[Goal of the exercise]
Take each line below that has "refl" and copy it.

[Data records]
============
(* The only monomial of degree |F| with support F is x_F, so support_count is unitriangular. *)
lemma mons_with_supp_card: assumes "finite F" shows "mons_with_supp (card F) F = {sqf_mon F}"
proof
  show "{sqf_mon F} \<subseteq> mons_with_supp (card F) F"
    using assms by (simp add: mons_with_supp_def keys_sqf_mon mdeg_sqf_mon)
  show "mons_with_supp (card F) F \<subseteq> {sqf_mon F}"
  proof
    fix m assume "m \<in> mons_with_supp (card F) F"
    hence m: "supp m = F" "mdeg m = card F" by (auto simp: mons_with_supp_def)
    hence "squarefree_mon m" by (intro squarefree_if_mdeg_eq_card) simp
    thus "m \<in> {sqf_mon F}" using squarefree_eq_sqf_mon m by auto
  qed
qed

lemma support_count_diag: "support_count d d = 1"
  using card_mons_with_supp[of "{..<d}" d] mons_with_supp_card[of "{..<d}"] by simp

lemma support_count_zero: assumes "d < k" shows "support_count d k = 0"
proof -
  have "mons_with_supp d {..<k} = {}"
  proof (rule ccontr)
    assume "mons_with_supp d {..<k} \<noteq> {}"
    then obtain m where "supp m = {..<k}" "mdeg m = d" by (auto simp: mons_with_supp_def)
    thus False using card_keys_le_mdeg[of m] assms by simp
  qed
  thus ?thesis by (simp add: support_count_def)
qed

lemma ideal_monomials_by_support:
  assumes G: "\<forall>g\<in>G. squarefree_mon g"
  shows "ideal_monomials n G d = (\<Union>F\<in>supp_family n G. mons_with_supp d F)"
  unfolding ideal_monomials_supp[OF G]
  using supp_family_subset by (auto simp: mons_with_supp_def monomials_def in_vars_def)

lemma card_ideal_monomials:
  assumes G: "\<forall>g\<in>G. squarefree_mon g"
  shows "card (ideal_monomials n G d) =
    card (layer (supp_family n G) d) + (\<Sum>k<d. card (layer (supp_family n G) k) * support_count d k)"
proof -
  have finF: "\<And>F. F \<in> supp_family n G \<Longrightarrow> finite F" by (rule finite_supp_family_member)
  have "card (ideal_monomials n G d) = (\<Sum>F\<in>supp_family n G. card (mons_with_supp d F))"
    unfolding ideal_monomials_by_support[OF G]
  proof (rule card_UN_disjoint)
    show "finite (supp_family n G)" by (rule finite_supp_family)
    show "\<forall>F\<in>supp_family n G. finite (mons_with_supp d F)"
      using finite_mons_with_supp finF by blast
  qed (auto simp: mons_with_supp_def)
  also have "\<dots> = (\<Sum>F\<in>supp_family n G. support_count d (card F))"
    by (intro sum.cong refl card_mons_with_supp finF)
  also have "\<dots> =
      (\<Sum>k\<in>{..n+d}. (\<Sum>F\<in>{F \<in> supp_family n G. card F = k}. support_count d (card F)))"
  proof (rule sum.group[symmetric, OF finite_supp_family])
    show "card ` supp_family n G \<subseteq> {..n+d}"
    proof
      fix k assume "k \<in> card ` supp_family n G"
      then obtain F where "F \<in> supp_family n G" "k = card F" by auto
      moreover have "card F \<le> n"
        using card_mono[OF _ supp_family_subset[OF \<open>F \<in> supp_family n G\<close>]] by simp
      ultimately show "k \<in> {..n+d}" by simp
    qed
  qed simp
  also have "\<dots> = (\<Sum>k\<in>{..n+d}. card (layer (supp_family n G) k) * support_count d k)"
    by (intro sum.cong refl) (simp add: layer_def)
  also have "\<dots> = (\<Sum>k\<in>{..d}. card (layer (supp_family n G) k) * support_count d k)"
    by (rule sum.mono_neutral_right) (auto simp: support_count_zero)
  also have "\<dots> =
      card (layer (supp_family n G) d) +
      (\<Sum>k<d. card (layer (supp_family n G) k) * support_count d k)"
    by (simp add: lessThan_Suc_atMost[symmetric] support_count_diag)
  finally show ?thesis .
qed
lemma ex1_power_identity_coeffs:
  assumes "\<gamma> \<ge> 1" and "inj_on b {1..\<gamma>}"
  shows "\<exists>!c. (\<forall>i>\<gamma>. c i = 0) \<and> power_identity_coeffs \<gamma> b c"
proof -
  let ?r = "\<lambda>k. if k = \<gamma> - 1 then 1 / real \<gamma> else 0"
  obtain v where v: "\<forall>k<\<gamma>. (\<Sum>i=1..\<gamma>. v i * b i ^ k) = ?r k"
    using vandermonde_system_solvable[of "{1..\<gamma>}" b ?r] assms(2) by auto
  define c where "c i = (if i = 0 then - (\<Sum>j=1..\<gamma>. v j * b j ^ \<gamma>) else if i \<le> \<gamma> then v i else 0)"
    for i
  have sum_c: "(\<Sum>i=1..\<gamma>. c i * b i ^ k) = (\<Sum>i=1..\<gamma>. v i * b i ^ k)" for k
    by (rule sum.cong) (auto simp: c_def)
  have c: "power_identity_coeffs \<gamma> b c"
    using v assms(1) by (simp add: power_identity_coeffs_iff sum_c) (simp add: c_def)
  have vanish: "\<forall>i>\<gamma>. c i = 0"
    by (simp add: c_def)
  have unique: "c' = c" if c': "\<forall>i>\<gamma>. c' i = 0" "power_identity_coeffs \<gamma> b c'" for c'
  proof -
    have "(\<Sum>i\<in>{1..\<gamma>}. (c' i - c i) * b i ^ k) = 0" if "k < card {1..\<gamma>}" for k
      using that c'(2) c assms(1) by (simp add: power_identity_coeffs_iff left_diff_distrib sum_subtractf)
    then have on_nodes: "c' i = c i" if "i \<in> {1..\<gamma>}" for i
      using vandermonde_combination_eq_0[of "{1..\<gamma>}" b "\<lambda>i. c' i - c i" i] assms(2) that by simp
    have "(\<Sum>i=1..\<gamma>. c' i * b i ^ \<gamma>) = (\<Sum>i=1..\<gamma>. c i * b i ^ \<gamma>)"
      by (rule sum.cong) (simp_all add: on_nodes)
    then have "c' 0 = c 0"
      using c'(2) c assms(1) by (simp add: power_identity_coeffs_iff)
    show "c' = c"
    proof
      fix i
      consider "i = 0" | "i \<in> {1..\<gamma>}" | "i > \<gamma>"
        by fastforce
      then show "c' i = c i"
        using \<open>c' 0 = c 0\<close> on_nodes c'(1) by cases (simp_all add: c_def)
    qed
  qed
  show ?thesis
  proof (rule ex1I[of _ c])
    show "(\<forall>i>\<gamma>. c i = 0) \<and> power_identity_coeffs \<gamma> b c"
      using vanish c ..
  next
    fix c' assume "(\<forall>i>\<gamma>. c' i = 0) \<and> power_identity_coeffs \<gamma> b c'"
    then show "c' = c"
      by (elim conjE) (rule unique)
  qed
qed

lemma power_identity_coeffs_sum_shifted_powers:
  assumes "\<gamma> \<ge> 1" and "power_identity_coeffs \<gamma> b c"
  shows "c 0 + (\<Sum>i=1..\<gamma>. c i * (x + b i) ^ \<gamma>) = x"
proof -
  let ?S = "\<lambda>k. \<Sum>i=1..\<gamma>. c i * b i ^ k"
  have eqs: "\<forall>k<\<gamma>. ?S k = (if k = \<gamma> - 1 then 1 / real \<gamma> else 0)" "c 0 = - ?S \<gamma>"
    using assms by (simp_all add: power_identity_coeffs_iff)
  have "(\<Sum>i=1..\<gamma>. c i * (x + b i) ^ \<gamma>) = (\<Sum>k\<le>\<gamma>. of_nat (\<gamma> choose k) * x ^ (\<gamma> - k) * ?S k)"
    by (simp add: add.commute[of x] binomial_ring sum_distrib_left sum_distrib_right mult_ac)
      (rule sum.swap)
  also have "\<dots> = (\<Sum>k<\<gamma>. of_nat (\<gamma> choose k) * x ^ (\<gamma> - k) * ?S k) + ?S \<gamma>"
    by (simp add: lessThan_Suc_atMost[symmetric])
  also have "(\<Sum>k<\<gamma>. of_nat (\<gamma> choose k) * x ^ (\<gamma> - k) * ?S k)
      = (\<Sum>k<\<gamma>. if k = \<gamma> - 1 then of_nat (\<gamma> choose k) * x ^ (\<gamma> - k) * (1 / real \<gamma>) else 0)"
    using eqs(1) by (intro sum.cong) auto
  also have "\<dots> = of_nat (\<gamma> choose (\<gamma> - 1)) * x ^ (\<gamma> - (\<gamma> - 1)) * (1 / real \<gamma>)"
    using assms(1) by simp
  also have "\<dots> = x"
    using assms(1) by (cases \<gamma>) (auto simp: binomial_Suc_n)
  finally show ?thesis
    using eqs(2) by simp
qed

definition diag_mat :: "real list \<Rightarrow> real list list" where
  "diag_mat xs = map (\<lambda>i. map (\<lambda>j. if i = j then xs ! i else 0) [0..<length xs]) [0..<length xs]"

lemma length_diag_mat [simp]: "length (diag_mat xs) = length xs"
  by (simp add: diag_mat_def)

lemma diag_mat_nth:
  "i < length xs \<Longrightarrow> j < length xs \<Longrightarrow> diag_mat xs ! i ! j = (if i = j then xs ! i else 0)"
  by (simp add: diag_mat_def)

lemma blockdiag_scalars: "blockdiag (map (\<lambda>x. [[x]]) xs) = diag_mat xs"
proof (induction xs)
  case Nil
  then show ?case by (simp add: diag_mat_def)
next
  case (Cons x xs)
  have cols: "sum_list (replicate n (Suc 0)) = n" for n
    by (induction n) auto
  show ?case
    by (rule nth_equalityI)
      (auto simp: Cons cols diag_mat_def o_def ncols_def map_replicate_const nth_append
        nth_Cons' upt_conv_Cons map_Suc_upt[symmetric] simp del: upt_Suc)
qed

lemma matmul_diag_mat_ones: "matmul (diag_mat xs) (replicate (length xs) [1]) = map (\<lambda>x. [x]) xs"
proof (rule nth_equalityI)
  fix i assume "i < length (matmul (diag_mat xs) (replicate (length xs) [1]))"
  then have i: "i < length xs"
    by (simp add: matmul_def)
  then have "xs \<noteq> []"
    by auto
  have "(\<Sum>k<length xs. diag_mat xs ! i ! k * replicate (length xs) [1] ! k ! 0)
      = (\<Sum>k<length xs. if i = k then xs ! i else 0)"
    using i by (intro sum.cong) (simp_all add: diag_mat_nth)
  with i \<open>xs \<noteq> []\<close> show "matmul (diag_mat xs) (replicate (length xs) [1]) ! i = map (\<lambda>x. [x]) xs ! i"
    by (simp add: matmul_def ncols_def)
qed (simp add: matmul_def)

lemma matmul_ones_diag_mat: "matmul [replicate (length xs) 1] (diag_mat xs) = [xs]"
proof (cases "xs = []")
  case True
  then show ?thesis
    by (simp add: matmul_def diag_mat_def ncols_def)
next
  case False
  then have "ncols (diag_mat xs) = length xs"
    by (simp add: ncols_def diag_mat_def hd_map)
  then have "matmul [replicate (length xs) 1] (diag_mat xs) =
      [map (\<lambda>j. \<Sum>k<length xs. replicate (length xs) 1 ! k * diag_mat xs ! k ! j) [0..<length xs]]"
    by (simp add: matmul_def)
  also have "map (\<lambda>j. \<Sum>k<length xs. replicate (length xs) 1 ! k * diag_mat xs ! k ! j) [0..<length xs]
      = map (\<lambda>j. xs ! j) [0..<length xs]"
  proof (rule map_cong)
    fix j assume "j \<in> set [0..<length xs]"
    then have j: "j < length xs"
      by simp
    have "(\<Sum>k<length xs. replicate (length xs) 1 ! k * diag_mat xs ! k ! j)
        = (\<Sum>k<length xs. if k = j then xs ! j else 0)"
      using j by (intro sum.cong) (auto simp: diag_mat_nth)
    then show "(\<Sum>k<length xs. replicate (length xs) 1 ! k * diag_mat xs ! k ! j) = xs ! j"
      using j by simp
  qed simp
  finally show ?thesis
    by (simp add: map_nth)
qed

lemma matmul_unit_row: "matmul [[1]] [r] = [r]"
proof -
  have "matmul [[1]] [r] = [map (\<lambda>j. r ! j) [0..<length r]]"
    by (simp add: matmul_def ncols_def)
  then show ?thesis
    by (simp add: map_nth)
qed

lemma matvec_replicate_0: "matvec W (replicate n 0) = replicate (length W) 0"
  by (simp add: matvec_def map_replicate_const)

lemma vadd_replicate_0: "length ys = n \<Longrightarrow> vadd (replicate n 0) ys = ys"
  by (induction ys arbitrary: n) (auto simp: vadd_def)

lemma vadd_replicate_left: "vadd (replicate (length ys) x) ys = map (\<lambda>y. x + y) ys"
  by (induction ys) (auto simp: vadd_def)

section \<open>Shallow networks with unit input weights\<close>

lemma ann_dims_annA1: "ann_dims (annA1 w v) = [1, 1]"
  by (simp add: annA1_def ann_dims_def ncols_def)

definition shallow_net :: "real list \<Rightarrow> real list \<Rightarrow> real \<Rightarrow> ann" where
  "shallow_net bs cs d = [(replicate (length bs) [1], bs), ([cs], [d])]"

lemma ann_dims_shallow_net: "bs \<noteq> [] \<Longrightarrow> ann_dims (shallow_net bs cs d) = [1, length bs, 1]"
  by (simp add: shallow_net_def ann_dims_def ncols_def)

lemma is_ANN_shallow_net:
  assumes "bs \<noteq> []" and "length cs = length bs"
  shows "is_ANN (shallow_net bs cs d)"
  using assms unfolding is_ANN_def ann_dims_shallow_net[OF assms(1)]
  by (auto simp: shallow_net_def less_Suc_eq nth_Cons' Suc_le_eq)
============
[Written reply]
    by (intro sum.cong refl card_mons_with_supp finF)
    by (intro sum.cong refl) (simp add: layer_def)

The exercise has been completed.